About this exercise - Every line of the listing that contains the word "mechanism" is to be copied out.

Information -
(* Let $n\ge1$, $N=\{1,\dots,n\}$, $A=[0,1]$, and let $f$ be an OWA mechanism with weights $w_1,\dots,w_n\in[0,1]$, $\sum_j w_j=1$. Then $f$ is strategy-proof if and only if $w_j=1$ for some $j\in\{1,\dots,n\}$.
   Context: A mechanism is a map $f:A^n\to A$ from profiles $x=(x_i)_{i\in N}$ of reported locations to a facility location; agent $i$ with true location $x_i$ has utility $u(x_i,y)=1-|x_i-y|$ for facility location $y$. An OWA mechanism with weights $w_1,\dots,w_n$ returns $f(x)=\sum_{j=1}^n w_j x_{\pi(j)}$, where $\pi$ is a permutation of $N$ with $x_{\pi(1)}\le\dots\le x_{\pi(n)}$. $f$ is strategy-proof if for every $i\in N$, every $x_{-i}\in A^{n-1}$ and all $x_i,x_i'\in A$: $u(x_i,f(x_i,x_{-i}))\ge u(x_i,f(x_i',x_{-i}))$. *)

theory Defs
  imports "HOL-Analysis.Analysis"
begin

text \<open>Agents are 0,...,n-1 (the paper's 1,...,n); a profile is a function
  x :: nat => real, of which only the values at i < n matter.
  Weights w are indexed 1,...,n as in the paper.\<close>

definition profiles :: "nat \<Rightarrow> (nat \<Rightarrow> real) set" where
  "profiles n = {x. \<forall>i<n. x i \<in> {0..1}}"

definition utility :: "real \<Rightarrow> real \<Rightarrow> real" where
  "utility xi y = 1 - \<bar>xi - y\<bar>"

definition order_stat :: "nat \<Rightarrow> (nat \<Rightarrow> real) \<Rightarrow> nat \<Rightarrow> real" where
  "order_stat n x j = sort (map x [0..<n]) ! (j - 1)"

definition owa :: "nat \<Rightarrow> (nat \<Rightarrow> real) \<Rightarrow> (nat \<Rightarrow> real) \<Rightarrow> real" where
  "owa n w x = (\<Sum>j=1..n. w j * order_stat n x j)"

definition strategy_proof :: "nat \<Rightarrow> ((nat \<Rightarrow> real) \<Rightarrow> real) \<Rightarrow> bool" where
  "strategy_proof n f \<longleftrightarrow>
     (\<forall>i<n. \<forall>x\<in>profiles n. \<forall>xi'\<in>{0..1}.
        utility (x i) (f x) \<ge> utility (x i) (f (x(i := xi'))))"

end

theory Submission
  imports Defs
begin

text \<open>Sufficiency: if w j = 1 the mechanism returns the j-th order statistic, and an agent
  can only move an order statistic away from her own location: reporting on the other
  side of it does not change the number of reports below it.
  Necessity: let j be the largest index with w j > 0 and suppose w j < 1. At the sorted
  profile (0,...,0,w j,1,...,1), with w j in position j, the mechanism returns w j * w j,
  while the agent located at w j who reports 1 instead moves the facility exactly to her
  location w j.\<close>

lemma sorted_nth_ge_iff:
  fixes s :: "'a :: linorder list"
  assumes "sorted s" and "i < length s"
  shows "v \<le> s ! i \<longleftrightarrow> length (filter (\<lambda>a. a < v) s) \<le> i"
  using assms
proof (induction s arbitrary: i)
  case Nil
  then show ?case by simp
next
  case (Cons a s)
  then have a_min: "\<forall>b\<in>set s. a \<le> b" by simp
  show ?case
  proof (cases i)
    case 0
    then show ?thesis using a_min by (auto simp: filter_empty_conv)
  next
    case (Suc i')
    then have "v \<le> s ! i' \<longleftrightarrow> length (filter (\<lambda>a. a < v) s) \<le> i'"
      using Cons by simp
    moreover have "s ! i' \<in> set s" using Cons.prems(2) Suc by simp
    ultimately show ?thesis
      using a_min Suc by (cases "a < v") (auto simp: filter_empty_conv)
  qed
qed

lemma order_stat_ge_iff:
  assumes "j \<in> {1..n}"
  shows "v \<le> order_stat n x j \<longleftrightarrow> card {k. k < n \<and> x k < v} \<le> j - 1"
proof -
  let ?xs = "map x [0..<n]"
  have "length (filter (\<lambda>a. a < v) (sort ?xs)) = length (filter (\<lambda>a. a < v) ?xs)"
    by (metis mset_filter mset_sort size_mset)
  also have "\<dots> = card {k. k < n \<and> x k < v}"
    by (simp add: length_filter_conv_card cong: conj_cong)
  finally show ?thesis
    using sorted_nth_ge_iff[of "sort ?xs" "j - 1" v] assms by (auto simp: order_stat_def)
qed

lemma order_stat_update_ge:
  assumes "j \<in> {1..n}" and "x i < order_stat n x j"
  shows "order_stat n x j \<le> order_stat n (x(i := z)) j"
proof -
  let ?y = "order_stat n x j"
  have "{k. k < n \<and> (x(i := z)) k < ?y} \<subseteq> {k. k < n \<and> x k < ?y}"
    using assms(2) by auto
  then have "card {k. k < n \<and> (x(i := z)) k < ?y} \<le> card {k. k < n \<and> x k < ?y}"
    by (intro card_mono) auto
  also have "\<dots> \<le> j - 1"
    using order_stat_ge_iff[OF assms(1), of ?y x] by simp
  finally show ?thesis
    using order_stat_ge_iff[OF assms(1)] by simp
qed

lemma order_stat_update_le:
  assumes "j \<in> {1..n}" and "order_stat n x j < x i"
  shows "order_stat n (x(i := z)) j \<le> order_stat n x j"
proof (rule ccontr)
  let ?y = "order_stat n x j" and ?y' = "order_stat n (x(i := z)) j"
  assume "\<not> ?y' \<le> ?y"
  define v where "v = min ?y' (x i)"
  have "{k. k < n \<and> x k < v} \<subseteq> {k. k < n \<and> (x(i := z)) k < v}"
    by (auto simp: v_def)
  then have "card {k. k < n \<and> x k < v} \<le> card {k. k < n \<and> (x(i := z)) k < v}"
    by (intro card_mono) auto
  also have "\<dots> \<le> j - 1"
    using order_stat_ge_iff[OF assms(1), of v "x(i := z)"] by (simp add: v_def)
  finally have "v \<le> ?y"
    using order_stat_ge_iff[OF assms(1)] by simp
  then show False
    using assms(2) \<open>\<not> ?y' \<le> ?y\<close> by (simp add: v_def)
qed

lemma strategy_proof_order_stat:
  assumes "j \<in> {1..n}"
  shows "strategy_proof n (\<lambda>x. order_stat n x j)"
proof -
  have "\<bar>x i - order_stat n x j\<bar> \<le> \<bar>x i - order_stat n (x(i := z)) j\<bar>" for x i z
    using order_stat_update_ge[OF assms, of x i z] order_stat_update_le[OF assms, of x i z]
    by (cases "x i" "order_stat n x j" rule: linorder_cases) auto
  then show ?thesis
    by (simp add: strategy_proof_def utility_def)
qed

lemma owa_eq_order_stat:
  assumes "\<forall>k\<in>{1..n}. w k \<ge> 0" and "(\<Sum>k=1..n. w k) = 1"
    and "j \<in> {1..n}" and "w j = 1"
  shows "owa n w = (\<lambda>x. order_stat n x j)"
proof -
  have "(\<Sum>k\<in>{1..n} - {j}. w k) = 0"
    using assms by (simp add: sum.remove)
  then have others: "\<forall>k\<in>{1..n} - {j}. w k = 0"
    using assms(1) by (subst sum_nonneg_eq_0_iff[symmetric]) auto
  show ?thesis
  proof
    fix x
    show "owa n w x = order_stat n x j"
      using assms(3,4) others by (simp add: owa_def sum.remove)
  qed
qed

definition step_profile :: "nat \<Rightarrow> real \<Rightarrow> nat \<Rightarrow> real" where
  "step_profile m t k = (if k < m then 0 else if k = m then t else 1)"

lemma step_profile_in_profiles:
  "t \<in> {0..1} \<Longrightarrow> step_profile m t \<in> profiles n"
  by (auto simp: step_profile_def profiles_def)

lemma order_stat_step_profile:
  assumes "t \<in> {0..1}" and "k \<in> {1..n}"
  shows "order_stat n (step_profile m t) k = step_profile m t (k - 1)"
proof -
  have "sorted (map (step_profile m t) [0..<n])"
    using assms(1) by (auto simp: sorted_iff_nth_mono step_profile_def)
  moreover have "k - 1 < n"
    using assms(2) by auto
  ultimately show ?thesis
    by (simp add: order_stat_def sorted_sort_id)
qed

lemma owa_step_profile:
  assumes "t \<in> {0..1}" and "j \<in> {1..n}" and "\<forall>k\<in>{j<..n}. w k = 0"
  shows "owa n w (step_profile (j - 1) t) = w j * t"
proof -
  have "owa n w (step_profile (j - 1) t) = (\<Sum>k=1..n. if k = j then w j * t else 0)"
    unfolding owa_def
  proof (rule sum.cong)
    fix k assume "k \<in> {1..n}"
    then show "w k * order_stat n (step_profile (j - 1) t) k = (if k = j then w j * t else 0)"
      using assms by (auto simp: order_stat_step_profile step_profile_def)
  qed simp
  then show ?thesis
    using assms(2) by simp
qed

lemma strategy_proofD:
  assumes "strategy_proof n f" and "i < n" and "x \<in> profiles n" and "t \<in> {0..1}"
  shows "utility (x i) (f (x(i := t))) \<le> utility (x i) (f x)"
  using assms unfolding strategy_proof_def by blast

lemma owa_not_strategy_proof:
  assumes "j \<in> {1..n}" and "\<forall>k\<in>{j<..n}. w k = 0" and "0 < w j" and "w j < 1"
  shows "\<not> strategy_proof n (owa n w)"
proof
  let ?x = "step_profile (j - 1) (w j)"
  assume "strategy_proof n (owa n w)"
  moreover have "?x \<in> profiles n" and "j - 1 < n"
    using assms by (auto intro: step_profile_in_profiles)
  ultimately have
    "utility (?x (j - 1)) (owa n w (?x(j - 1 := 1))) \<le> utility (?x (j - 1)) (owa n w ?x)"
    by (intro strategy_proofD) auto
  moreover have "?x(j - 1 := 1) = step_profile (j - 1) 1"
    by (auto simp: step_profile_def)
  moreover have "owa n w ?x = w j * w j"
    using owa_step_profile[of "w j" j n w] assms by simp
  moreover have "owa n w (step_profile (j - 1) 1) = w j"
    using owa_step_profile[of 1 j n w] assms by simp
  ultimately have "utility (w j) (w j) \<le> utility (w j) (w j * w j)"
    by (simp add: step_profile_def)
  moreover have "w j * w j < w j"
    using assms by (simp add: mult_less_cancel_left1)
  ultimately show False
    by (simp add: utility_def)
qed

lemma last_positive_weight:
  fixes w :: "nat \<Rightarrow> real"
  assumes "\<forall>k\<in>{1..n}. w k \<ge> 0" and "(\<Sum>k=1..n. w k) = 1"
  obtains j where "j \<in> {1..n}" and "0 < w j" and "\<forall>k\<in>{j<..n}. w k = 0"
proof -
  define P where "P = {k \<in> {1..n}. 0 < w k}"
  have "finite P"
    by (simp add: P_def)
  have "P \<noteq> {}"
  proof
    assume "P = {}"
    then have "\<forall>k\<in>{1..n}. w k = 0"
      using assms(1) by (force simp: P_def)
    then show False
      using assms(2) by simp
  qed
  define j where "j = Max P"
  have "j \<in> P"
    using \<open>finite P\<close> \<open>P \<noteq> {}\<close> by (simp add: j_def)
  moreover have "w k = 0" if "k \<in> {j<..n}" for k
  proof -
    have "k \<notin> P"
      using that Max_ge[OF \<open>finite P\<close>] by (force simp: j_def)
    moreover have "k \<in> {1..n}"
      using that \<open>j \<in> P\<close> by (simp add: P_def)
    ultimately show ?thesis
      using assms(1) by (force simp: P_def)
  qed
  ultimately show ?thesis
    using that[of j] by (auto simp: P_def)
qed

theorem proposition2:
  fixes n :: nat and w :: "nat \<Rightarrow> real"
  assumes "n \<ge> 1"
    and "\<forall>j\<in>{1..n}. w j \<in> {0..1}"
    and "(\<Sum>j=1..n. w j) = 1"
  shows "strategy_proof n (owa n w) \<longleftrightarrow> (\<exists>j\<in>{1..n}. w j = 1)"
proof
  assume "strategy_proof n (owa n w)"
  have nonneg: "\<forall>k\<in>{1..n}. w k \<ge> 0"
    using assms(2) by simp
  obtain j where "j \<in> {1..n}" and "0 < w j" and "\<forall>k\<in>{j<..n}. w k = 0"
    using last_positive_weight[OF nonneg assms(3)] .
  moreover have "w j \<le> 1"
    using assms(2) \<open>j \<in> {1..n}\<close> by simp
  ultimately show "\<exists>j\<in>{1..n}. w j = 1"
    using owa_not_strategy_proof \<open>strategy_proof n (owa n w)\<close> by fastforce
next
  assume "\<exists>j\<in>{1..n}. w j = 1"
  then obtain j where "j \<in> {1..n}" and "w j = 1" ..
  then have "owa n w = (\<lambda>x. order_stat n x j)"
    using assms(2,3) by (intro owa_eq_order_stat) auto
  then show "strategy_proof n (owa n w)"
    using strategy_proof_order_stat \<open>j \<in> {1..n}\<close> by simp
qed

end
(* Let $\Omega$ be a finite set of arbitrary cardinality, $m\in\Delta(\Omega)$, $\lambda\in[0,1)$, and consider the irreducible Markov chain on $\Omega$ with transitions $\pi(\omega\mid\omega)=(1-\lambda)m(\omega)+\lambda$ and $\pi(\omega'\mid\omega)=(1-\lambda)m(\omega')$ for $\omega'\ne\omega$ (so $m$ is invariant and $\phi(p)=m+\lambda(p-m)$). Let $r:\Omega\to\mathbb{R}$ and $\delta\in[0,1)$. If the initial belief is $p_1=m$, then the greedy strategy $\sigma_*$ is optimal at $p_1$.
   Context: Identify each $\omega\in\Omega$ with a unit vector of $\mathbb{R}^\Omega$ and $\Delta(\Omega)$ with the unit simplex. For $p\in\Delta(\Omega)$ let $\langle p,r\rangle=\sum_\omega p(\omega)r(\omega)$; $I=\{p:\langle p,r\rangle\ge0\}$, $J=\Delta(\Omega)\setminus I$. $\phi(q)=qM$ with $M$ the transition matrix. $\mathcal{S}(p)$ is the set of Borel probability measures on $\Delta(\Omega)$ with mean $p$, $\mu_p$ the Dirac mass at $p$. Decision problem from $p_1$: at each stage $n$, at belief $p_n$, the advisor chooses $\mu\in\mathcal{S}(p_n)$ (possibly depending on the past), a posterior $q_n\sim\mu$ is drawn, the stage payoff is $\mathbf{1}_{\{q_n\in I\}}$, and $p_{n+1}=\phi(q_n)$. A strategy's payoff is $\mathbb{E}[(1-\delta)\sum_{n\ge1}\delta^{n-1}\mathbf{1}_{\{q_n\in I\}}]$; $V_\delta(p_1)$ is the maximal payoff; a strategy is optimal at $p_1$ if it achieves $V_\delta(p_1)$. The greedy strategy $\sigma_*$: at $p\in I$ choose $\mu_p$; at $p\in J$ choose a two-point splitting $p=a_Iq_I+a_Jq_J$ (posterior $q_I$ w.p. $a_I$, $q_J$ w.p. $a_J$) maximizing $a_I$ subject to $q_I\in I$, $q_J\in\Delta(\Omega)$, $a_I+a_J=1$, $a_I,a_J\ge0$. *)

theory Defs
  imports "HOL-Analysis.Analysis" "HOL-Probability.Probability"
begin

Reply -
(* Let $n\ge1$, $N=\{1,\dots,n\}$, $A=[0,1]$, and let $f$ be an OWA mechanism with weights $w_1,\dots,w_n\in[0,1]$, $\sum_j w_j=1$. Then $f$ is strategy-proof if and only if $w_j=1$ for some $j\in\{1,\dots,n\}$.
   Context: A mechanism is a map $f:A^n\to A$ from profiles $x=(x_i)_{i\in N}$ of reported locations to a facility location; agent $i$ with true location $x_i$ has utility $u(x_i,y)=1-|x_i-y|$ for facility location $y$. An OWA mechanism with weights $w_1,\dots,w_n$ returns $f(x)=\sum_{j=1}^n w_j x_{\pi(j)}$, where $\pi$ is a permutation of $N$ with $x_{\pi(1)}\le\dots\le x_{\pi(n)}$. $f$ is strategy-proof if for every $i\in N$, every $x_{-i}\in A^{n-1}$ and all $x_i,x_i'\in A$: $u(x_i,f(x_i,x_{-i}))\ge u(x_i,f(x_i',x_{-i}))$. *)
text \<open>Sufficiency: if w j = 1 the mechanism returns the j-th order statistic, and an agent
  profile (0,...,0,w j,1,...,1), with w j in position j, the mechanism returns w j * w j,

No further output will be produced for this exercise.